*** Data listing Section Begins ***

lemma sum_increment_moments_le:
  assumes "1 < q"
  shows "(\<Sum>i=1..n. \<integral>\<^sup>+ \<omega>. ennreal (\<bar>zeta i \<omega> - zeta (i - 1) \<omega>\<bar> powr q) \<partial>M)
       \<le> ennreal (C_const q) * (\<Sum>i=1..n. \<integral>\<^sup>+ \<omega>. ennreal (norm (X i \<omega> - x i) powr q) \<partial>M)"
  unfolding sum_distrib_left
proof (intro sum_mono)
  fix i assume "i \<in> {1..n}"
  then obtain k where "i = Suc k" "k < n" by (cases i) auto
  with increment_moment_le[OF _ assms] show "(\<integral>\<^sup>+ \<omega>. ennreal (\<bar>zeta i \<omega> - zeta (i - 1) \<omega>\<bar> powr q) \<partial>M)
      \<le> ennreal (C_const q) * (\<integral>\<^sup>+ \<omega>. ennreal (norm (X i \<omega> - x i) powr q) \<partial>M)"
    by simp
qed

lemma sum_esssup_cond_variances_le:
  "(\<Sum>i=1..n. esssup M (nn_cond_exp M (natural_filtration M zeta (i - 1))
      (\<lambda>\<omega>. ennreal ((zeta i \<omega> - zeta (i - 1) \<omega>)\<^sup>2))))
    \<le> (\<Sum>i=1..n. \<integral>\<^sup>+ \<omega>. ennreal ((norm (X i \<omega> - y i))\<^sup>2) \<partial>M)"
proof (intro sum_mono)
  fix i assume "i \<in> {1..n}"
  then obtain k where "i = Suc k" "k < n" by (cases i) auto
  with esssup_cond_variance_le show "esssup M (nn_cond_exp M (natural_filtration M zeta (i - 1))
      (\<lambda>\<omega>. ennreal ((zeta i \<omega> - zeta (i - 1) \<omega>)\<^sup>2)))
    \<le> (\<integral>\<^sup>+ \<omega>. ennreal ((norm (X i \<omega> - y i))\<^sup>2) \<partial>M)"
    by simp
qed

end

lemma enn_powr_mono: "a \<le> b \<Longrightarrow> 0 \<le> q \<Longrightarrow> enn_powr a q \<le> enn_powr b q"
  by (cases "b = \<infinity>")
     (auto simp: enn_powr_def top_unique less_top intro!: ennreal_leI powr_mono2 enn2real_mono)

theorem corollary3p2:
  fixes p c1 c2 :: real
    and M :: "'a measure"
    and n :: nat
    and X :: "nat \<Rightarrow> 'a \<Rightarrow> 'b::{banach, second_countable_topology}"
    and x y :: "nat \<Rightarrow> 'b"
  assumes p: "2 \<le> p"
    and c1: "0 < c1" and c2: "0 < c2"
    and rosenthal: "\<And>(N :: 'a measure) (m :: nat) (\<zeta> :: nat \<Rightarrow> 'a \<Rightarrow> real).
        prob_space N \<Longrightarrow> real_martingale N m \<zeta> \<Longrightarrow> (\<forall>\<omega>\<in>space N. \<zeta> 0 \<omega> = 0) \<Longrightarrow>
        (\<integral>\<^sup>+ \<omega>. ennreal (\<bar>\<zeta> m \<omega>\<bar> powr p) \<partial>N)
          \<le> ennreal c1 * (\<Sum>i=1..m. \<integral>\<^sup>+ \<omega>. ennreal (\<bar>\<zeta> i \<omega> - \<zeta> (i - 1) \<omega>\<bar> powr p) \<partial>N)
            + ennreal c2 * enn_powr
                (\<Sum>i=1..m. esssup N (nn_cond_exp N (natural_filtration N \<zeta> (i - 1))
                    (\<lambda>\<omega>. ennreal ((\<zeta> i \<omega> - \<zeta> (i - 1) \<omega>)\<^sup>2))))
                (p / 2)"
    and M: "prob_space M"
    and Xmeas: "\<And>i. i \<in> {1..n} \<Longrightarrow> X i \<in> borel_measurable M"
    and indep: "prob_space.indep_vars M (\<lambda>_. borel) X {1..n}"
    and Yint: "integrable M (\<lambda>\<omega>. norm (\<Sum>i=1..n. X i \<omega>))"
  shows "(\<integral>\<^sup>+ \<omega>. ennreal (\<bar>norm (\<Sum>i=1..n. X i \<omega>)
                    - prob_space.expectation M (\<lambda>\<omega>'. norm (\<Sum>i=1..n. X i \<omega>'))\<bar> powr p) \<partial>M)
     \<le> ennreal (C_const p * c1) * (\<Sum>i=1..n. \<integral>\<^sup>+ \<omega>. ennreal (norm (X i \<omega> - x i) powr p) \<partial>M)
       + ennreal c2 * enn_powr (\<Sum>i=1..n. \<integral>\<^sup>+ \<omega>. ennreal ((norm (X i \<omega> - y i))\<^sup>2) \<partial>M) (p / 2)"
proof -
  interpret indep_banach_sum M n X
    using M Xmeas indep Yint by (intro indep_banach_sum.intro indep_banach_sum_axioms.intro)
  have "ennreal c1 * (\<Sum>i=1..n. \<integral>\<^sup>+ \<omega>. ennreal (\<bar>zeta i \<omega> - zeta (i - 1) \<omega>\<bar> powr p) \<partial>M)
      \<le> ennreal c1 * (ennreal (C_const p) * (\<Sum>i=1..n. \<integral>\<^sup>+ \<omega>. ennreal (norm (X i \<omega> - x i) powr p) \<partial>M))"
    using p by (intro mult_left_mono sum_increment_moments_le) auto
  also have "\<dots> = ennreal (C_const p * c1) * (\<Sum>i=1..n. \<integral>\<^sup>+ \<omega>. ennreal (norm (X i \<omega> - x i) powr p) \<partial>M)"
    using C_const_ge_1[of p] p c1 by (simp add: ennreal_mult mult_ac)
  finally have moments: "ennreal c1 * (\<Sum>i=1..n. \<integral>\<^sup>+ \<omega>. ennreal (\<bar>zeta i \<omega> - zeta (i - 1) \<omega>\<bar> powr p) \<partial>M)
      \<le> ennreal (C_const p * c1) * (\<Sum>i=1..n. \<integral>\<^sup>+ \<omega>. ennreal (norm (X i \<omega> - x i) powr p) \<partial>M)" .
  have variances: "ennreal c2 * enn_powr (\<Sum>i=1..n. esssup M (nn_cond_exp M (natural_filtration M zeta (i - 1))
        (\<lambda>\<omega>. ennreal ((zeta i \<omega> - zeta (i - 1) \<omega>)\<^sup>2)))) (p / 2)
      \<le> ennreal c2 * enn_powr (\<Sum>i=1..n. \<integral>\<^sup>+ \<omega>. ennreal ((norm (X i \<omega> - y i))\<^sup>2) \<partial>M) (p / 2)"
    using p by (intro mult_left_mono enn_powr_mono sum_esssup_cond_variances_le) auto
  have "(\<integral>\<^sup>+ \<omega>. ennreal (\<bar>zeta n \<omega>\<bar> powr p) \<partial>M)
      \<le> ennreal c1 * (\<Sum>i=1..n. \<integral>\<^sup>+ \<omega>. ennreal (\<bar>zeta i \<omega> - zeta (i - 1) \<omega>\<bar> powr p) \<partial>M)
        + ennreal c2 * enn_powr (\<Sum>i=1..n. esssup M (nn_cond_exp M (natural_filtration M zeta (i - 1))
            (\<lambda>\<omega>. ennreal ((zeta i \<omega> - zeta (i - 1) \<omega>)\<^sup>2)))) (p / 2)"
    using zeta_0 by (intro rosenthal M real_martingale_zeta) simp
  from order.trans[OF this add_mono[OF moments variances]] show ?thesis
    by (simp add: zeta_n mean_norm_def)
qed

end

*** Data listing Section Ends ***

— Goal of the exercise —
Of the entries above, repeat exactly the lines from the line with "fixes p c1 c2 :: real" through the line with "(\<Sum>i=1..m. esssup N", both of them included.

— Output for this exercise —
  fixes p c1 c2 :: real
    and M :: "'a measure"
    and n :: nat
    and X :: "nat \<Rightarrow> 'a \<Rightarrow> 'b::{banach, second_countable_topology}"
    and x y :: "nat \<Rightarrow> 'b"
  assumes p: "2 \<le> p"
    and c1: "0 < c1" and c2: "0 < c2"
    and rosenthal: "\<And>(N :: 'a measure) (m :: nat) (\<zeta> :: nat \<Rightarrow> 'a \<Rightarrow> real).
        prob_space N \<Longrightarrow> real_martingale N m \<zeta> \<Longrightarrow> (\<forall>\<omega>\<in>space N. \<zeta> 0 \<omega> = 0) \<Longrightarrow>
        (\<integral>\<^sup>+ \<omega>. ennreal (\<bar>\<zeta> m \<omega>\<bar> powr p) \<partial>N)
          \<le> ennreal c1 * (\<Sum>i=1..m. \<integral>\<^sup>+ \<omega>. ennreal (\<bar>\<zeta> i \<omega> - \<zeta> (i - 1) \<omega>\<bar> powr p) \<partial>N)
            + ennreal c2 * enn_powr
                (\<Sum>i=1..m. esssup N (nn_cond_exp N (natural_filtration N \<zeta> (i - 1))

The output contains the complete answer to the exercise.